Creating New Assets


Pipeline Workflow Overview

Creating a new asset and putting it into the game requires the following steps:

  1. Develop of original art asset
  2. Export assets into tilesheet compatible format (png image, or sequence of png images for animations)
  3. Compile individual images into tilesheet(s)
  4. Build tilesheet metadata file
  5. Build animation metadata file (if doing animation)
  6. Create an entity that uses the asset
  7. Put the entity into a map (to test)
  8. Load the map into a game to test

 

Pipeline step-by-step

1. Develop original art

 
How original art is developed is entirely up to the artists. The artist should just keep in mind that the art will have to be converted to PNG to work in the game engine.
 

2. Export to tilesheet compatible format


  1. Images must be exported to a format supported by firmament engine. PNG and JPEG are supported, but only PNG has alpha channels, so PNG is the recommended format.
  2. Images should be organized in directories, one directory for one tilesheet. This makes the next step easy.

 

3. Compile individual images into tilesheet(s)

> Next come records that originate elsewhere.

lemma yes_at_least_eq: "yes_at_least l n = {Y. \<exists>i. n \<le> yes_count l (prefix Y i)}"
proof (intro set_eqI iffI)
  fix Y assume "Y \<in> yes_at_least l n"
  then have many: "infinite (yes_set l Y) \<or> n \<le> card (yes_set l Y)"
    by (simp add: yes_at_least_def)
  obtain F where F: "F \<subseteq> yes_set l Y" "finite F" "n \<le> card F"
  proof (cases "finite (yes_set l Y)")
    case True
    then show ?thesis using many that by blast
  next
    case False
    then show ?thesis using that infinite_arbitrarily_large[of _ n] by (metis order_refl)
  qed
  then obtain i where "\<forall>x\<in>F. x \<le> i"
    using finite_nat_set_iff_bounded_le by blast
  with F have "F \<subseteq> yes_set l Y \<inter> {..i}"
    by auto
  then have "n \<le> yes_count l (prefix Y i)"
    using F unfolding yes_count_prefix by (meson card_mono finite_Int finite_atMost le_trans)
  then show "Y \<in> {Y. \<exists>i. n \<le> yes_count l (prefix Y i)}"
    by blast
next
  fix Y assume "Y \<in> {Y. \<exists>i. n \<le> yes_count l (prefix Y i)}"
  then obtain i where "n \<le> card (yes_set l Y \<inter> {..i})"
    by (auto simp: yes_count_prefix)
  then show "Y \<in> yes_at_least l n"
    unfolding yes_at_least_def by (metis Int_lower1 card_mono le_trans space_cantor_measure UNIV_I mem_Collect_eq)
qed

section \<open>Martingales on finite strings\<close>

definition martingale :: "(bool list \<Rightarrow> real) \<Rightarrow> bool" where
  "martingale M \<longleftrightarrow> (\<forall>w. 0 \<le> M w) \<and> (\<forall>w. M w = (M (w @ [True]) + M (w @ [False])) / 2)"

lemma martingale_nonneg: "martingale M \<Longrightarrow> 0 \<le> M w"
  by (simp add: martingale_def)

lemma martingale_avg: "martingale M \<Longrightarrow> M w = (M (w @ [True]) + M (w @ [False])) / 2"
  by (simp add: martingale_def)

lemma martingale_mult: "martingale M \<Longrightarrow> 0 \<le> c \<Longrightarrow> martingale (\<lambda>w. c * M w)"
  unfolding martingale_def by (metis mult_nonneg_nonneg distrib_left times_divide_eq_right)

lemma martingale_suminf:
  assumes "\<And>n. martingale (M n)" and summable: "\<And>w. summable (\<lambda>n. M n w)"
  shows "martingale (\<lambda>w. \<Sum>n. M n w)"
  unfolding martingale_def
proof (intro conjI allI)
  fix w
  show "0 \<le> (\<Sum>n. M n w)"
    by (rule suminf_nonneg[OF summable]) (simp add: assms martingale_nonneg)
  have "((\<Sum>n. M n (w @ [True])) + (\<Sum>n. M n (w @ [False]))) / 2
      = (\<Sum>n. (M n (w @ [True]) + M n (w @ [False])) / 2)"
    by (simp add: suminf_add[OF summable summable] suminf_divide summable_add summable)
  also have "\<dots> = (\<Sum>n. M n w)"
    by (simp add: assms martingale_avg[symmetric])
  finally show "(\<Sum>n. M n w) = ((\<Sum>n. M n (w @ [True])) + (\<Sum>n. M n (w @ [False]))) / 2" ..
qed

lemma martingale_snoc_le:
  assumes "martingale M"
  shows "M (w @ [b]) \<le> 2 * M w"
  using martingale_avg[OF assms, of w] martingale_nonneg[OF assms, of "w @ [True]"]
    martingale_nonneg[OF assms, of "w @ [False]"]
  by (cases b) auto
(* For every admissible Betti function $b:\operatorname{int}\mathbb{M}\to\mathbb{N}_0$, the direct sum $\bigoplus_{v\in\operatorname{int}\mathbb{M}}B_v^{b(v)}:\mathbb{M}^{\circ}\to\mathrm{Vect}_{\mathbb{F}}$ lies in $\mathcal{J}$; in particular it is pointwise finite-dimensional and coincides with the product $\prod_{v}B_v^{b(v)}$.
   Context: Fix a field $\mathbb{F}$. Equip $\mathbb{R}^2$ with the partial order $(x,y)\preceq(x',y')$ iff $x'\le x$ and $y\le y'$. Fix reals $a<b$, let $l_0=\{x+y=a\}$, $l_1=\{x+y=b\}$, $\mathbb{M}=\{(x,y): a\le x+y\le b\}$, $\partial\mathbb{M}=l_0\cup l_1$, $\operatorname{int}\mathbb{M}=\mathbb{M}\setminus\partial\mathbb{M}$, and $T:\mathbb{M}\to\mathbb{M}$, $T(x,y)=(a-y,b-x)$. For $u\in\mathbb{M}$, ${\uparrow}u=\{v:u\preceq v\}$, ${\downarrow}u=\{v:v\preceq u\}$; $\operatorname{int}$ of a subset is its interior in $\mathbb{M}$. Functors $\mathbb{M}^{\circ}\to\mathrm{Vect}_{\mathbb{F}}$ are contravariant in $\preceq$. For $v\in\operatorname{int}\mathbb{M}$, $B_v$ is the functor with $B_v(u)=\mathbb{F}$ if $u\in({\downarrow}v)\cap\operatorname{int}({\uparrow}T^{-1}(v))$ and $0$ otherwise, internal maps identity when domain and codomain are $\mathbb{F}$ and zero otherwise. A functor $G$ vanishing on $\partial\mathbb{M}$ is cohomological if for every axis-aligned rectangle in $\mathbb{M}$ with one corner on $l_1$ and remaining corners $u\preceq v\preceq w$, applying $G$ to the chain $\cdots\preceq T^{-1}(v)\preceq T^{-1}(w)\preceq u\preceq v\preceq w\preceq T(u)\preceq T(v)\preceq\cdots$ gives an exact sequence. $G$ is sequentially continuous if $G(u)\to\varprojlim_kG(u_k)$ is an isomorphism for every $\preceq$-increasing sequence $u_k\to u$. $\mathcal{J}$ is the full subcategory of pointwise finite-dimensional, cohomological, sequentially continuous functors with support contained in some ${\downarrow}w$. A function $b:\operatorname{int}\mathbb{M}\to\mathbb{N}_0$ is an admissible Betti function if its support is contained in ${\downarrow}w$ for some $w\in\mathbb{M}$ and $\sum_{v\in({\uparrow}u)\cap\operatorname{int}({\downarrow}T(u))}b(v)<\infty$ for every $u\in\operatorname{int}\mathbb{M}$. *)

theory Defs
  imports "HOL-Analysis.Analysis" "HOL-Library.Function_Algebras"
begin

type_synonym pt = "real \<times> real"

definition precM :: "pt \<Rightarrow> pt \<Rightarrow> bool" (infix "\<preceq>\<^sub>M" 50) where
  "p \<preceq>\<^sub>M q \<longleftrightarrow> fst q \<le> fst p \<and> snd p \<le> snd q"

definition Mstrip :: "real \<Rightarrow> real \<Rightarrow> pt set" where
  "Mstrip a b = {p. a \<le> fst p + snd p \<and> fst p + snd p \<le> b}"

definition lline :: "real \<Rightarrow> pt set" where
  "lline c = {p. fst p + snd p = c}"

definition bdryM :: "real \<Rightarrow> real \<Rightarrow> pt set" where
  "bdryM a b = lline a \<union> lline b"
lemma convolution_series_quadratic:
  fixes a :: "nat \<Rightarrow> real"
  assumes a0: "(1 - \<beta>) * a 0 = 1"
    and rec: "\<And>m. (1 - \<beta>) * a (Suc m) = a m + \<beta> * (\<Sum>i\<le>m. a i * a (m - i))"
    and summable: "summable (\<lambda>m. norm (a m * x ^ m))"
  defines "G \<equiv> suminf (\<lambda>m. a m * x ^ m)"
  shows "(1 - \<beta>) * G = 1 + x * G + \<beta> * x * G^2"
proof -
  define f where "f = (\<lambda>m. a m * x ^ m)"
  have f: "f sums G"
    using summable_norm_cancel[OF summable] by (simp add: G_def f_def summable_sums)
  have "(\<lambda>m. \<Sum>i\<le>m. f i * f (m - i)) sums (G * G)"
    using Cauchy_product_sums[OF summable summable] f by (simp add: f_def sums_iff)
  then have "(\<lambda>m. x * f m + \<beta> * x * (\<Sum>i\<le>m. f i * f (m - i))) sums (x * G + \<beta> * x * (G * G))"
    by (intro sums_add sums_mult f)
  moreover have "x * f m + \<beta> * x * (\<Sum>i\<le>m. f i * f (m - i)) = (1 - \<beta>) * f (Suc m)" for m
  proof -
    have "(\<Sum>i\<le>m. f i * f (m - i)) = x ^ m * (\<Sum>i\<le>m. a i * a (m - i))"
      unfolding f_def sum_distrib_left
      by (intro sum.cong refl) (simp add: power_add[symmetric] algebra_simps)
    then have "x * f m + \<beta> * x * (\<Sum>i\<le>m. f i * f (m - i)) = x * x ^ m * (a m + \<beta> * (\<Sum>i\<le>m. a i * a (m - i)))"
      by (simp add: f_def algebra_simps)
    also have "\<dots> = x * x ^ m * ((1 - \<beta>) * a (Suc m))"
      by (simp only: rec)
    finally show ?thesis
      by (simp add: f_def algebra_simps)
  qed
  ultimately have "(\<lambda>m. (1 - \<beta>) * f (Suc m)) sums (x * G + \<beta> * x * (G * G))"
    by simp
  then have "(\<lambda>m. (1 - \<beta>) * f m) sums (x * G + \<beta> * x * (G * G) + (1 - \<beta>) * f 0)"
    using sums_Suc_iff[of "\<lambda>m. (1 - \<beta>) * f m"] by simp
  with sums_mult[OF f, of "1 - \<beta>"] have "(1 - \<beta>) * G = x * G + \<beta> * x * (G * G) + (1 - \<beta>) * f 0"
    by (rule sums_unique2)
  then show ?thesis
    using a0 by (simp add: f_def power2_eq_square algebra_simps)
qed
lemma unbounded: "\<exists>t\<ge>0. M < x t"
proof (rule ccontr)
  assume "\<not> (\<exists>t\<ge>0. M < x t)"
  then have bounded_by_M: "x t \<le> M" if "0 \<le> t" for t
    using that by (simp add: not_less)
  have "\<mu> \<le> M"
    using bounded_by_M[of 0] x_0 by simp
  define c where "c = (2 * K - 1) * h M"
  have "0 < c"
    unfolding c_def using K_gt h_pos[OF \<open>\<mu> \<le> M\<close>] by simp
  have deriv: "\<exists>D. (x has_real_derivative D) (at t within {0..}) \<and> c \<le> D" if t: "0 \<le> t" for t
  proof -
    have mono_t: "mono_on {0..t} x"
      using nondecreasing by (rule mono_on_subset) auto
    have "\<forall>v\<in>{0..t}. 0 \<le> x v \<and> h (x t) \<le> h (x v)"
      using history_bounds[OF mono_t] mu_pos by fastforce
    then obtain D where D: "(x has_real_derivative D) (at t within {0..})"
        "2 * K * h (x t) - h (x t) \<le> D"
      using derivative_ge[of t "h (x t)"] t by blast
    have "\<mu> \<le> x t"
      using history_bounds(1)[OF mono_t] t by simp
    then have "h M \<le> h (x t)"
      using h_antimono bounded_by_M t by blast
    then have "c \<le> (2 * K - 1) * h (x t)"
      unfolding c_def using K_gt by (intro mult_left_mono) auto
    with D show ?thesis
      by (intro exI[of _ D]) (simp add: algebra_simps)
  qed
  define t where "t = (M - \<mu>) / c + 1"
  have "0 \<le> t"
    unfolding t_def using \<open>\<mu> \<le> M\<close> \<open>0 < c\<close> by simp
  then have "c * (t - 0) \<le> x t - x 0"
    using deriv by (intro diff_ge_if_derivative_ge[of 0 t "{0..}"]) auto
  moreover have "c * t = M - \<mu> + c"
    unfolding t_def using \<open>0 < c\<close> by (simp add: field_simps)
  ultimately show False
    using bounded_by_M[OF \<open>0 \<le> t\<close>] x_0 \<open>0 < c\<close> by simp
qed

theorem tendsto_at_top: "filterlim x at_top at_top"
  unfolding filterlim_at_top eventually_at_top_linorder
proof
  fix M
  obtain t where "0 \<le> t" "M < x t"
    using unbounded by blast
  then show "\<exists>t. \<forall>s\<ge>t. M \<le> x s"
    using mono_onD[OF nondecreasing, of t] by (intro exI[of _ t]) force
qed

end

locale stem_cell_model =
  fixes tl tu \<gamma> \<mu> :: real and f \<beta> x :: "real \<Rightarrow> real"
  assumes tau: "0 \<le> tl" "tl \<le> tu"
    and f_nonneg: "\<And>s. 0 \<le> f s"
    and f_integrable: "f integrable_on {tl..tu}"
    and beta_cont: "continuous_on {0..} \<beta>"
    and x_cont: "continuous_on {0..} x"
    and x_0: "x 0 = \<mu>"
    and ode1: "\<forall>t. 0 \<le> t \<and> t \<le> tl \<longrightarrow>
       (x has_real_derivative
          (- \<beta> (x t) * x t
           + 2 * \<beta> \<mu> * \<mu> * integral {tl..tu} (\<lambda>s. exp (- \<gamma> * s) * f s)))
       (at t within {0..})"
    and ode2: "\<forall>t. tl \<le> t \<and> t \<le> tu \<longrightarrow>
       (x has_real_derivative
          (- \<beta> (x t) * x t
           + 2 * \<beta> \<mu> * \<mu> * integral {t..tu} (\<lambda>s. exp (- \<gamma> * s) * f s)
           + 2 * integral {tl..t} (\<lambda>s. exp (- \<gamma> * s) * f s * \<beta> (x (t - s)) * x (t - s))))
       (at t within {0..})"
    and ode3: "\<forall>t. tu \<le> t \<longrightarrow>
       (x has_real_derivative
          (- \<beta> (x t) * x t
           + 2 * integral {tl..tu} (\<lambda>s. exp (- \<gamma> * s) * f s * \<beta> (x (t - s)) * x (t - s))))
       (at t within {0..})"
begin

This step can still be done but is no longer required. Firmament will now dynamically create tilesheets on the fly if you don't generate them before-hand.

The rest is left here for those wishing to improve loading performance by pre-generating tilesheets.

 

This can be done manually, but it is recommended that you use a tool like TexturePacker (http://www.codeandweb.com/texturepacker) for this. Firmament comes with an exporter for texture packer.
 

Setting up TexturePacker

After TexturePacker is installed, you will need to tell it where to find the firmament plugin. These instructions assume you already have firmament engine somewhere.
 
 

  1. Open TexturePacker
  2. Open TexturePacker preferences
  3. Find the ‘Exporter Directory’ box
  4. Click the ‘...’ button and navigate to your firmament folder.
  5. navigate to the following folder: Firmament/tools/ 3rdPartySupport/texturePacker and hit ‘select’ or ‘choose’ depending on your system.
  6. Hit ‘ok’ to save your changes.
  7. in the ‘Output’ pane on the left, you should now see ‘Firmament Engine’ as an option in the ‘Data Format’ dropdown. If you do, then all is well!

 

Building Tilesheets With TexturePacker

Building tilesheets and their metadata is very easy with TexturePacker.

  1. Open TexturePacker
  2. If you are creating a new tilesheet, follow steps 2-
  3. In the output pane on the left, select ‘Firmament Game Engine’ in the data format dropdown.
    1.  
  4. In the data file box, navigate to the tilesheets folder for your project (configs/tilesheets) and enter a name for the new tilesheet.
  5. select PNG as the texture format.
  6. in the texture file box, navigate to your project’s tilesheet folder (assets/tilesheets) and enter a name for the tilesheet.
  7. Drag the folder contianing the images into TexturePacker. You should then see the images show up on the right, and in the tilesheet. 
    1.  
  8. Hit the publish button . This will generate the tilesheet and metadata files in the specified locations.
  9. Hit the save button  to save this tilesheet’s configuration (sourceAssets/texturePacker is usally where these are kept in the project)

 
 

4. Build Tilesheet Metadata File

If you are using TexturePacker, it does this for you so you have nothing to do for this step.
 

5. Build Animation Metadata File

If you are not doing animation, skip this.
Firmament uses tiles from tilesheets for its animations. In order for this to work, Firmament needs to know which tiles in a tilesheet make up the animation, what sequence they should appear, and the amount of time between each frame. Tilesheet metadata files do this.
 
To create a new tilesheet metadata file:

  1. Find your project’s tilesheet metadata folder (config/tilesheets by default)
  2. Create a new file called [NameOfTilesheet].json in that folder
  3. Open that file up in a text editor, and put in something like this (this example is from the example project, and is a spinning globe):

    {
     tilesheetFile:"config/tilesheets/earthAnimation.json"
     ,frames:[
      "globe_1"
      ,"globe_2"
      ,"globe_3"
      ,"globe_4"
      ,"globe_5"
      ,"globe_6"
      ,"globe_7"
      ,"globe_8"
      ,"globe_9"
      ,"globe_10"
      ,"globe_11"
      ,"globe_12"
      ,"globe_13"
      ,"globe_14"
      ,"globe_15"
      ,"globe_16"
      ,"globe_17"
      ,"globe_18"
     ]
     ,timeBetweenFrames:0.1
    }
  4. You’ll want to change the data here of course:
    1. Set the tilesheetFile to the name of the tilesheet file the animation frames are in.
    2. the ‘frames’ list should contain the tilesheet labels for each frame. The frames will be animated in the order they are listed here.
    3. set ‘timeBetweenFrames’ to the number of seconds (or a fraction of a second) to wait between frames.